→ Material for this task
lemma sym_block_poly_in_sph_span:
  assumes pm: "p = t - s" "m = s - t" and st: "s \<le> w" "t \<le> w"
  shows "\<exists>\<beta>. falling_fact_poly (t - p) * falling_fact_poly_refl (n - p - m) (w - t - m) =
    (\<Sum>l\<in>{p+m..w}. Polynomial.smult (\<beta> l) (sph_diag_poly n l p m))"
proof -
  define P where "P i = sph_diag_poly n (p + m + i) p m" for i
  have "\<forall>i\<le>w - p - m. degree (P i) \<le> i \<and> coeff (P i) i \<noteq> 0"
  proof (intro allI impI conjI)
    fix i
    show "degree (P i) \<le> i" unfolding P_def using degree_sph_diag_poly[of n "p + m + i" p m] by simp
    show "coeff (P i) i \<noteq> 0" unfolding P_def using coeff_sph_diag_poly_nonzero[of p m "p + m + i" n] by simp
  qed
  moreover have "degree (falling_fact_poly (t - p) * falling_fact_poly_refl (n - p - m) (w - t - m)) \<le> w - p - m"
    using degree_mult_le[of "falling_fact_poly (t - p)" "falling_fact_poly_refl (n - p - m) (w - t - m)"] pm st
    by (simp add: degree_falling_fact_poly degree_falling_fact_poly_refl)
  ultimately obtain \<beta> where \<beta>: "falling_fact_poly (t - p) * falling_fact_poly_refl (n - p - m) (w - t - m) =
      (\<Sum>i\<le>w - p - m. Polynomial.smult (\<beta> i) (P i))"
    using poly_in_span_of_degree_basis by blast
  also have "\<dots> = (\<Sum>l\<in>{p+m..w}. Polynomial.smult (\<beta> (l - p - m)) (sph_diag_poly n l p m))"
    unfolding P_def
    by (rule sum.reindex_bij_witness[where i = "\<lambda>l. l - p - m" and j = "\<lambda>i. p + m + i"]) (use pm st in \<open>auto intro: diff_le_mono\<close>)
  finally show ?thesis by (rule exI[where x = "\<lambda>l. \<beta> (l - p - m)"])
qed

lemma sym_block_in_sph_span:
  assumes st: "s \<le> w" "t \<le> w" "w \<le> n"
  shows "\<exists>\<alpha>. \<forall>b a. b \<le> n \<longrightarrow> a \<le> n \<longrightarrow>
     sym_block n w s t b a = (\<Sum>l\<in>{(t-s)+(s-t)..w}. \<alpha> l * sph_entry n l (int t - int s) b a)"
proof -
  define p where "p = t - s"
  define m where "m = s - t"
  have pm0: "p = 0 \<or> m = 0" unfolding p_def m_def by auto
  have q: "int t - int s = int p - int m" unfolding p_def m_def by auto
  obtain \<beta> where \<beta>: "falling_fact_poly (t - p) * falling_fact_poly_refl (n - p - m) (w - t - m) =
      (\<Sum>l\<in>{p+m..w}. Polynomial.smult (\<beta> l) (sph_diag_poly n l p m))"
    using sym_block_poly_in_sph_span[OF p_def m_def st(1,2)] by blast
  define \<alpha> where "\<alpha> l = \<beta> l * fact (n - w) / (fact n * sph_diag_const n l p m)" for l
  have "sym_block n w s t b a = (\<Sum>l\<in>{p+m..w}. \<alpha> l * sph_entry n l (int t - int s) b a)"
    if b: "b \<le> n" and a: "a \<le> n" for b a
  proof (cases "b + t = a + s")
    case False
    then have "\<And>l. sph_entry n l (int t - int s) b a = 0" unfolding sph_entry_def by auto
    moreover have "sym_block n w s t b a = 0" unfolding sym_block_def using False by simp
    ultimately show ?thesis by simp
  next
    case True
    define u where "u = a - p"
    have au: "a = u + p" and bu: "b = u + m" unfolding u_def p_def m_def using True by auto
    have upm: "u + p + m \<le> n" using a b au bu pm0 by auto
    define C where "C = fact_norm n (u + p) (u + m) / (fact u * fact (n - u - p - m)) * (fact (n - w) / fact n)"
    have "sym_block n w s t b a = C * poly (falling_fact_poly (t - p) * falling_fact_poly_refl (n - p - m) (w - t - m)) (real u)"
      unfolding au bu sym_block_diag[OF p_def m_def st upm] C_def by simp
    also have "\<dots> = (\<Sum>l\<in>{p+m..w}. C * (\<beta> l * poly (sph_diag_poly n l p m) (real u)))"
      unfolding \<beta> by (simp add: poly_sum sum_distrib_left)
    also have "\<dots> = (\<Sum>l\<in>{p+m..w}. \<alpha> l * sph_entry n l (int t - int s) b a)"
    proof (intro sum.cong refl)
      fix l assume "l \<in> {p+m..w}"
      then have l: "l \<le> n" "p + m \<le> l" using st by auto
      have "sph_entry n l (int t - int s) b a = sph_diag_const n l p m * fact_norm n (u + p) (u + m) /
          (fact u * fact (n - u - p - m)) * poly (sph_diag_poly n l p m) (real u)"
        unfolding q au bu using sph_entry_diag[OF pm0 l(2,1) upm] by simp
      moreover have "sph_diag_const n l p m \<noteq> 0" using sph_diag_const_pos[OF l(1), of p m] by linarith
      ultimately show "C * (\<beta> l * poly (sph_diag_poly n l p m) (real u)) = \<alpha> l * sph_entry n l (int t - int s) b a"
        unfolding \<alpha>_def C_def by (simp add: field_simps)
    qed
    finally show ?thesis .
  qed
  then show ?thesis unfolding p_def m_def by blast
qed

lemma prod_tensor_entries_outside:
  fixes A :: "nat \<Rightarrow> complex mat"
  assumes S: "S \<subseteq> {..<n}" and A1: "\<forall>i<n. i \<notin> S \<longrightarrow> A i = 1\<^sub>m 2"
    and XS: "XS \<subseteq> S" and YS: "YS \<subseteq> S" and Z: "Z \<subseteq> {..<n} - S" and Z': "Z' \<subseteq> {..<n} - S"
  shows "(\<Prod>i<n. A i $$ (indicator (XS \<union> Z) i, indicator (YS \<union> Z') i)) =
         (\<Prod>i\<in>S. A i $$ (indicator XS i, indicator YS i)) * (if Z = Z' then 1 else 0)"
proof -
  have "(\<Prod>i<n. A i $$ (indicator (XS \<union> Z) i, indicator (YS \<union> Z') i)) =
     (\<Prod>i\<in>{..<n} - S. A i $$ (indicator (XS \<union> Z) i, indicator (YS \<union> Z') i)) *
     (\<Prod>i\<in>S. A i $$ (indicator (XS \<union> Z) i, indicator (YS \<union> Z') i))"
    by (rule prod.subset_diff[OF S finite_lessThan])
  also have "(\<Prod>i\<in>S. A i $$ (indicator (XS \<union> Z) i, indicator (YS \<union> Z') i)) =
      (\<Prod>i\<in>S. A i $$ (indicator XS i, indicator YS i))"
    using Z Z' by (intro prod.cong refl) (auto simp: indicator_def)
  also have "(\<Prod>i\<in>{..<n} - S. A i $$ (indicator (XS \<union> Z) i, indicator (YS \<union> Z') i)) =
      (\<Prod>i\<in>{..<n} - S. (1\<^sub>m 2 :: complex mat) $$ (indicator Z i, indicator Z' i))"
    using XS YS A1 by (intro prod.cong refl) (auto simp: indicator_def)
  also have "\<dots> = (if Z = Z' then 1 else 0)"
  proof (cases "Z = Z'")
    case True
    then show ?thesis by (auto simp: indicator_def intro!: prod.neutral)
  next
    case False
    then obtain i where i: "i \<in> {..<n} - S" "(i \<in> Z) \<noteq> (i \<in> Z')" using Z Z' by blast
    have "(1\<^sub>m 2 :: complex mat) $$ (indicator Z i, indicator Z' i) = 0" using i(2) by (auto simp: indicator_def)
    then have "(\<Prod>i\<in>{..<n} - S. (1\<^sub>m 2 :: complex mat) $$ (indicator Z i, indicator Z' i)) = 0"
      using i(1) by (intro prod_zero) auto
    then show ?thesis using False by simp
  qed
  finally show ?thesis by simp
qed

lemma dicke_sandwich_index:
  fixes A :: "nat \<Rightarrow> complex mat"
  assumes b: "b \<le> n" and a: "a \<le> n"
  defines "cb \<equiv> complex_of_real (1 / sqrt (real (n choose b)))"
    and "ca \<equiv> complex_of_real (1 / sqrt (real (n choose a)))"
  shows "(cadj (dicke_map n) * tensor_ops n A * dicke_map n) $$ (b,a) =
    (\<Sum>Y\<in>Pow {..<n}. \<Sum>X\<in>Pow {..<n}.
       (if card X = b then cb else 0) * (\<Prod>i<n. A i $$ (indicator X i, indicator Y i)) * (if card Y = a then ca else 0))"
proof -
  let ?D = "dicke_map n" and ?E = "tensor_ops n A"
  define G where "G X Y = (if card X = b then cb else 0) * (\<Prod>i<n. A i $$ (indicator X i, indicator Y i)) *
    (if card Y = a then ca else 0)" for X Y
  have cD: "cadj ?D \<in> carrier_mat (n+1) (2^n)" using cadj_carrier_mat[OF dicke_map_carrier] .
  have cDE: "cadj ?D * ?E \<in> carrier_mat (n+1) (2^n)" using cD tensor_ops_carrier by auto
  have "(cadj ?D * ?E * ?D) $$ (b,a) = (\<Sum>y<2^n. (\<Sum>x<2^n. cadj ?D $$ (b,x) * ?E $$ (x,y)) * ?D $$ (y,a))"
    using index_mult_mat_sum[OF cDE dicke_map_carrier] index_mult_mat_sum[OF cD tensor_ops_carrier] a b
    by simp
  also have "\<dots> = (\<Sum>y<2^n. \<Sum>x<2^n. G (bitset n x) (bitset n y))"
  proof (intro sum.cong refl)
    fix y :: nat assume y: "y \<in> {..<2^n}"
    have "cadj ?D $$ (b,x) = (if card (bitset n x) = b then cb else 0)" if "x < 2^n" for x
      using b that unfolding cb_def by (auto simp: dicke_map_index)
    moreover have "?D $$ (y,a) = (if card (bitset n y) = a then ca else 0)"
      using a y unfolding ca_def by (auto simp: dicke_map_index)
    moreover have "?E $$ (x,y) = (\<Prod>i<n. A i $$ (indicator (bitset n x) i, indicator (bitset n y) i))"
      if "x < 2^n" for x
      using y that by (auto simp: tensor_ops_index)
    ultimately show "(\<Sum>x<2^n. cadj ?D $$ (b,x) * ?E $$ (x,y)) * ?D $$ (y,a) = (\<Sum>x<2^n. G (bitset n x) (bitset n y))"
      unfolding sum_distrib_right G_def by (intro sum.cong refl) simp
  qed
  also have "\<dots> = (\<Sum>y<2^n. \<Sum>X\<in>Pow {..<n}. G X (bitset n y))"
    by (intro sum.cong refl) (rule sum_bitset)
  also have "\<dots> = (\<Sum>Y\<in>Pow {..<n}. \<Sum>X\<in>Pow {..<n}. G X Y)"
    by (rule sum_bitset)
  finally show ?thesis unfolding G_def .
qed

→ Exercise objective
Out of the data above, set down the lines from the one with "sph_entry_def by auto" to the one with "using st by auto", both included, exactly as written and with no additions.

→ Response to the exercise
    then have "\<And>l. sph_entry n l (int t - int s) b a = 0" unfolding sph_entry_def by auto
    moreover have "sym_block n w s t b a = 0" unfolding sym_block_def using False by simp
    ultimately show ?thesis by simp
  next
    case True
    define u where "u = a - p"
    have au: "a = u + p" and bu: "b = u + m" unfolding u_def p_def m_def using True by auto
    have upm: "u + p + m \<le> n" using a b au bu pm0 by auto
    define C where "C = fact_norm n (u + p) (u + m) / (fact u * fact (n - u - p - m)) * (fact (n - w) / fact n)"
    have "sym_block n w s t b a = C * poly (falling_fact_poly (t - p) * falling_fact_poly_refl (n - p - m) (w - t - m)) (real u)"
      unfolding au bu sym_block_diag[OF p_def m_def st upm] C_def by simp
    also have "\<dots> = (\<Sum>l\<in>{p+m..w}. C * (\<beta> l * poly (sph_diag_poly n l p m) (real u)))"
      unfolding \<beta> by (simp add: poly_sum sum_distrib_left)
    also have "\<dots> = (\<Sum>l\<in>{p+m..w}. \<alpha> l * sph_entry n l (int t - int s) b a)"
    proof (intro sum.cong refl)
      fix l assume "l \<in> {p+m..w}"
      then have l: "l \<le> n" "p + m \<le> l" using st by auto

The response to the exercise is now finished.